In a column headlined simply “Common Sense,” Sherman contrasts the league’s stringent rules regarding on-field conduct vs. what it allows off-field, noting that New York Giants kicker Josh Brown received just a one-game penalty for admitting to abusing his wife.

Writes Sherman:

“The NFL doesn’t want players to do anything that might set a bad example for the kids in its audience — such as showboat, or celebrate excessively — yet it features beer ads in all of its stadiums and in almost every commercial break. Josh Norman can’t shoot an imaginary bow and arrow after a big pick because the NFL says that it depicts a “violent act.” Meanwhile, the name of the team he plays for depicts Native Americans in a way that many people consider offensive.
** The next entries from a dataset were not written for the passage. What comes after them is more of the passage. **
(* Let $n\ge2$, $B^n=\{x\in\mathbb R^n:|x|<1\}$, and let $F$ be the Funk metric $$F(x,y)=\frac{\sqrt{|y|^2-(|x|^2|y|^2-\langle x,y\rangle^2)}}{1-|x|^2}+\frac{\langle x,y\rangle}{1-|x|^2},\quad x\in B^n,\ y\in\mathbb R^n,$$ with induced distance $d_F$ and Busemann–Hausdorff measure $\mu$ (which equals Lebesgue measure). Then: (a) ${\sf A}^\mu_\rho(0)=n\omega_n(1-e^{-\rho})^{n-1}e^{-\rho}$ for $\rho>0$, the hypothesis $(\mathbf D)^n_0$ holds, and $(\mathbf{BG})^{n,\kappa}_0$ holds for every $\kappa>0$; (b) $\lambda_{1,d_F}(B^n)=0$.
   Context: The co-metric is $F^*(x,\xi)=|\xi|-\langle x,\xi\rangle$, $d_F(0,x)=-\ln(1-|x|)$. For $u$ Lipschitz with compact support in open $\Omega$, $|\nabla u|_d(x)=\limsup_{y\to x}\frac{u(y)-u(x)}{d(x,y)}$ and $\lambda_{1,d}(\Omega)=\inf_{u\ne0}\int_\Omega|\nabla u|_d^2\,d\mu/\int_\Omega u^2\,d\mu$. $B_\rho(x_0)=\{y:d_F(x_0,y)<\rho\}$, ${\sf A}^\mu_\rho(x_0)=\limsup_{\delta\to0}\mu(B_{\rho+\delta}(x_0)\setminus B_\rho(x_0))/\delta$. $(\mathbf D)^n_{x_0}$: $\liminf_{\rho\to0}{\sf A}^\mu_\rho(x_0)/(n\omega_n\rho^{n-1})=1$, $\omega_n$ the volume of the Euclidean unit ball. $(\mathbf{BG})^{n,\kappa}_{x_0}$: $\rho\mapsto{\sf A}^\mu_\rho(x_0)/\sinh^{n-1}(\kappa\rho)$ is non-increasing on $(0,\infty)$. *)

theory Defs
  imports "HOL-Analysis.Analysis"
begin

definition funk_F :: "'a::euclidean_space \<Rightarrow> 'a \<Rightarrow> real" where
  "funk_F x y =
     sqrt ((norm y)\<^sup>2 - ((norm x)\<^sup>2 * (norm y)\<^sup>2 - (x \<bullet> y)\<^sup>2)) / (1 - (norm x)\<^sup>2)
     + (x \<bullet> y) / (1 - (norm x)\<^sup>2)"

definition finsler_length ::
  "('a::euclidean_space \<Rightarrow> 'a \<Rightarrow> real) \<Rightarrow> (real \<Rightarrow> 'a) \<Rightarrow> real" where
  "finsler_length F g = integral {0..1} (\<lambda>t. F (g t) (vector_derivative g (at t)))"

definition finsler_dist ::
  "('a::euclidean_space \<Rightarrow> 'a \<Rightarrow> real) \<Rightarrow> 'a set \<Rightarrow> 'a \<Rightarrow> 'a \<Rightarrow> real" where
  "finsler_dist F \<Omega> x y = Inf {finsler_length F g | g.
       valid_path g \<and> path_image g \<subseteq> \<Omega> \<and> pathstart g = x \<and> pathfinish g = y \<and>
       (\<lambda>t. F (g t) (vector_derivative g (at t))) integrable_on {0..1}}"

definition unit_ball_vol :: "'a::euclidean_space itself \<Rightarrow> real" where
  "unit_ball_vol TYPE('a) = measure lborel (ball (0::'a) 1)"

definition busemann_hausdorff ::
  "('a::euclidean_space \<Rightarrow> 'a \<Rightarrow> real) \<Rightarrow> 'a set \<Rightarrow> 'a measure" where
  "busemann_hausdorff F \<Omega> = density lborel
     (\<lambda>x. indicator \<Omega> x * (emeasure lborel (ball (0::'a) 1) / emeasure lborel {y. F x y < 1}))"

definition fball :: "('a \<Rightarrow> 'a \<Rightarrow> real) \<Rightarrow> 'a set \<Rightarrow> 'a \<Rightarrow> real \<Rightarrow> 'a set" where
  "fball d \<Omega> x0 \<rho> = {y \<in> \<Omega>. d x0 y < \<rho>}"

definition area_fn :: "'a measure \<Rightarrow> ('a \<Rightarrow> 'a \<Rightarrow> real) \<Rightarrow> 'a set \<Rightarrow> 'a \<Rightarrow> real \<Rightarrow> ereal" where
  "area_fn \<mu> d \<Omega> x0 \<rho> = Limsup (at_right 0)
     (\<lambda>\<delta>. enn2ereal (emeasure \<mu> (fball d \<Omega> x0 (\<rho> + \<delta>) - fball d \<Omega> x0 \<rho>)) / ereal \<delta>)"

definition hyp_D :: "nat \<Rightarrow> real \<Rightarrow> 'a measure \<Rightarrow> ('a \<Rightarrow> 'a \<Rightarrow> real) \<Rightarrow> 'a set \<Rightarrow> 'a \<Rightarrow> bool" where
  "hyp_D n \<omega> \<mu> d \<Omega> x0 \<longleftrightarrow>
     Liminf (at_right 0) (\<lambda>\<rho>. area_fn \<mu> d \<Omega> x0 \<rho> / ereal (real n * \<omega> * \<rho> ^ (n - 1))) = 1"

definition hyp_BG :: "nat \<Rightarrow> real \<Rightarrow> 'a measure \<Rightarrow> ('a \<Rightarrow> 'a \<Rightarrow> real) \<Rightarrow> 'a set \<Rightarrow> 'a \<Rightarrow> bool" where
  "hyp_BG n \<kappa> \<mu> d \<Omega> x0 \<longleftrightarrow>
     (\<forall>\<rho>1 \<rho>2. 0 < \<rho>1 \<and> \<rho>1 \<le> \<rho>2 \<longrightarrow>
        area_fn \<mu> d \<Omega> x0 \<rho>2 / ereal (sinh (\<kappa> * \<rho>2) ^ (n - 1))
        \<le> area_fn \<mu> d \<Omega> x0 \<rho>1 / ereal (sinh (\<kappa> * \<rho>1) ^ (n - 1)))"

definition metric_grad :: "('a::topological_space \<Rightarrow> 'a \<Rightarrow> real) \<Rightarrow> 'a set \<Rightarrow> ('a \<Rightarrow> real) \<Rightarrow> 'a \<Rightarrow> ereal" where
  "metric_grad d \<Omega> u x = Limsup (at x within \<Omega>) (\<lambda>y. ereal ((u y - u x) / d x y))"

definition lip_compact_supp :: "'a::metric_space set \<Rightarrow> ('a \<Rightarrow> real) \<Rightarrow> bool" where
  "lip_compact_supp \<Omega> u \<longleftrightarrow> (\<exists>L. L-lipschitz_on \<Omega> u) \<and>
     (\<exists>K. compact K \<and> K \<subseteq> \<Omega> \<and> (\<forall>x. x \<notin> K \<longrightarrow> u x = 0))"

definition first_eigenvalue :: "('a::metric_space \<Rightarrow> 'a \<Rightarrow> real) \<Rightarrow> 'a measure \<Rightarrow> 'a set \<Rightarrow> ennreal" where
  "first_eigenvalue d \<mu> \<Omega> =
     (INF u \<in> {u. lip_compact_supp \<Omega> u \<and> (\<exists>x\<in>\<Omega>. u x \<noteq> 0)}.
        (\<integral>\<^sup>+x\<in>\<Omega>. e2ennreal ((metric_grad d \<Omega> u x)\<^sup>2) \<partial>\<mu>) /
        (\<integral>\<^sup>+x\<in>\<Omega>. ennreal ((u x)\<^sup>2) \<partial>\<mu>))"

end

theory Submission
  imports Defs
begin

text \<open>Put \<open>\<psi>(x) = -ln (1 - |x|)\<close> (\<open>funk_potential\<close>). Since \<open>F(x,y) \<ge> \<langle>sgn x, y\<rangle> / (1 - |x|) = d\<psi>\<^sub>x(y)\<close>,
  every curve in the ball has Funk length at least the increase of \<open>\<psi>\<close> along it, with equality
  on rays from the origin. Hence \<open>d\<^sub>F(0,x) = \<psi>(x)\<close> and the forward balls about \<open>0\<close> are the
  Euclidean balls of radius \<open>1 - e\<^sup>-\<^sup>\<rho>\<close>. The indicatrix \<open>{y. F(x,y) < 1}\<close> is the unit ball
  translated by \<open>-x\<close>, so \<open>\<mu>\<close> is Lebesgue measure and \<open>A\<^sub>\<rho>(0)\<close> is the \<open>\<rho>\<close>-derivative of
  \<open>\<omega>\<^sub>n (1 - e\<^sup>-\<^sup>\<rho>)\<^sup>n\<close>; (D) and (BG) are then elementary calculus. For (b), the functions
  \<open>-h(\<psi>)\<close>, with \<open>h\<close> a cutoff equal to \<open>1\<close> on \<open>[0,S]\<close> and \<open>0\<close> beyond \<open>2S\<close>, have slope at most
  \<open>1/S\<close> because \<open>d\<^sub>F(x,y) \<ge> \<psi>(y) - \<psi>(x)\<close>, while their \<open>L\<^sup>2\<close> mass on \<open>B(0,1/2)\<close> stays
  bounded below; so their Rayleigh quotients are \<open>O(S\<^sup>-\<^sup>2)\<close>.\<close>

abbreviation funk_dist :: "'a::euclidean_space \<Rightarrow> 'a \<Rightarrow> real"
  where "funk_dist \<equiv> finsler_dist funk_F (ball 0 1)"

abbreviation funk_measure :: "'a::euclidean_space measure"
  where "funk_measure \<equiv> busemann_hausdorff funk_F (ball 0 1)"

section \<open>Algebra of the Funk metric\<close>

lemma funk_F_eq:
  "funk_F x y = (sqrt ((norm y)\<^sup>2 * (1 - (norm x)\<^sup>2) + (x \<bullet> y)\<^sup>2) + x \<bullet> y) / (1 - (norm x)\<^sup>2)"
  unfolding funk_F_def by (simp add: add_divide_distrib algebra_simps)

lemma funk_F_nonneg:
  fixes x y :: "'a::euclidean_space"
  assumes "norm x < 1"
  shows "0 \<le> funk_F x y"
proof -
  have r: "(norm x)\<^sup>2 < 1" using assms by (simp add: abs_square_less_1)
  have "sqrt ((x \<bullet> y)\<^sup>2) \<le> sqrt ((norm y)\<^sup>2 * (1 - (norm x)\<^sup>2) + (x \<bullet> y)\<^sup>2)"
    using r by (intro real_sqrt_le_mono) simp
  hence "0 \<le> sqrt ((norm y)\<^sup>2 * (1 - (norm x)\<^sup>2) + (x \<bullet> y)\<^sup>2) + x \<bullet> y" by simp
  thus ?thesis unfolding funk_F_eq using r by simp
qed

lemma funk_F_ge_radial:
  fixes x y :: "'a::euclidean_space"
  assumes "norm x < 1"
  shows "(sgn x \<bullet> y) / (1 - norm x) \<le> funk_F x y"
proof (cases "x = 0")
  case True
  thus ?thesis using funk_F_nonneg[OF assms] by simp
next
  case False
  define r where "r = norm x"
  define a where "a = x \<bullet> y"
  define b where "b = (norm y)\<^sup>2"
  have r: "0 < r" "r < 1" using assms False r_def by auto
  have d: "0 < 1 - r\<^sup>2" using r by (simp add: abs_square_less_1)
  have "a\<^sup>2 \<le> r\<^sup>2 * b"
    unfolding a_def r_def b_def by (metis Cauchy_Schwarz_ineq power2_norm_eq_inner)
  hence "a\<^sup>2 / r\<^sup>2 \<le> b" using r by (simp add: divide_le_eq mult.commute)
  hence "a\<^sup>2 / r\<^sup>2 * (1 - r\<^sup>2) \<le> b * (1 - r\<^sup>2)" using d by (intro mult_right_mono) auto
  moreover have "(a/r)\<^sup>2 - a\<^sup>2 = a\<^sup>2 / r\<^sup>2 * (1 - r\<^sup>2)" using r by (simp add: power_divide field_simps)
  ultimately have "a/r \<le> sqrt (b * (1 - r\<^sup>2) + a\<^sup>2)" by (intro real_le_rsqrt) simp
  hence num: "a/r + a \<le> sqrt (b * (1 - r\<^sup>2) + a\<^sup>2) + a" by simp
  have "(sgn x \<bullet> y) / (1 - norm x) = a / (r * (1 - r))"
    using r unfolding a_def r_def by (simp add: sgn_div_norm field_simps)
  also have "\<dots> = (a/r + a) / (1 - r\<^sup>2)"
  proof -
    have "a/r + a = a * (1 + r) / r" using r by (simp add: field_simps)
    moreover have "1 - r\<^sup>2 = (1 - r) * (1 + r)" by (simp add: power2_eq_square algebra_simps)
    moreover have "a * (1 + r) / r / ((1 - r) * (1 + r)) = a / (r * (1 - r))"
      using r by (simp add: divide_divide_eq_left mult.commute mult.left_commute)
    ultimately show ?thesis by simp
  qed
  also have "\<dots> \<le> funk_F x y"
    unfolding funk_F_eq a_def[symmetric] b_def[symmetric] r_def[symmetric]
    using num d by (simp add: divide_right_mono)
  finally show ?thesis .
qed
“All this is hardly surprising. The NFL is inconsistent in a lot of things it does.”

Sherman then wonders if maybe all of this is impacting TV ratings.

Writes Sherman:

“We’re already seeing a bit of that. TV ratings are down, and I think we can point to the NFL legislating the emotion out of the game as a contributing factor. The NFL is enforcing a policy against celebration. Against joy. Against fun. It’s something I know a lot of players are frustrated with, and it appears that fans may be as well.

“Players are being told to “act like they’ve been there” by a group of people who have never been there themselves.

“Now, the league is reaping what it has sown.”

Sherman concludes:

“The real problem with the NFL is the lack of a system of checks and balances.

“The commissioner simply has too much power.

“At the end of the day, fans don’t want to watch robots. They want to watch players having fun and showing emotion. I’m with them. I think what they also want is for the league to be consistent in its discipline. To be transparent. To do what it says it’s going to do and to use a little common sense.

“I don’t think that’s too much to ask.”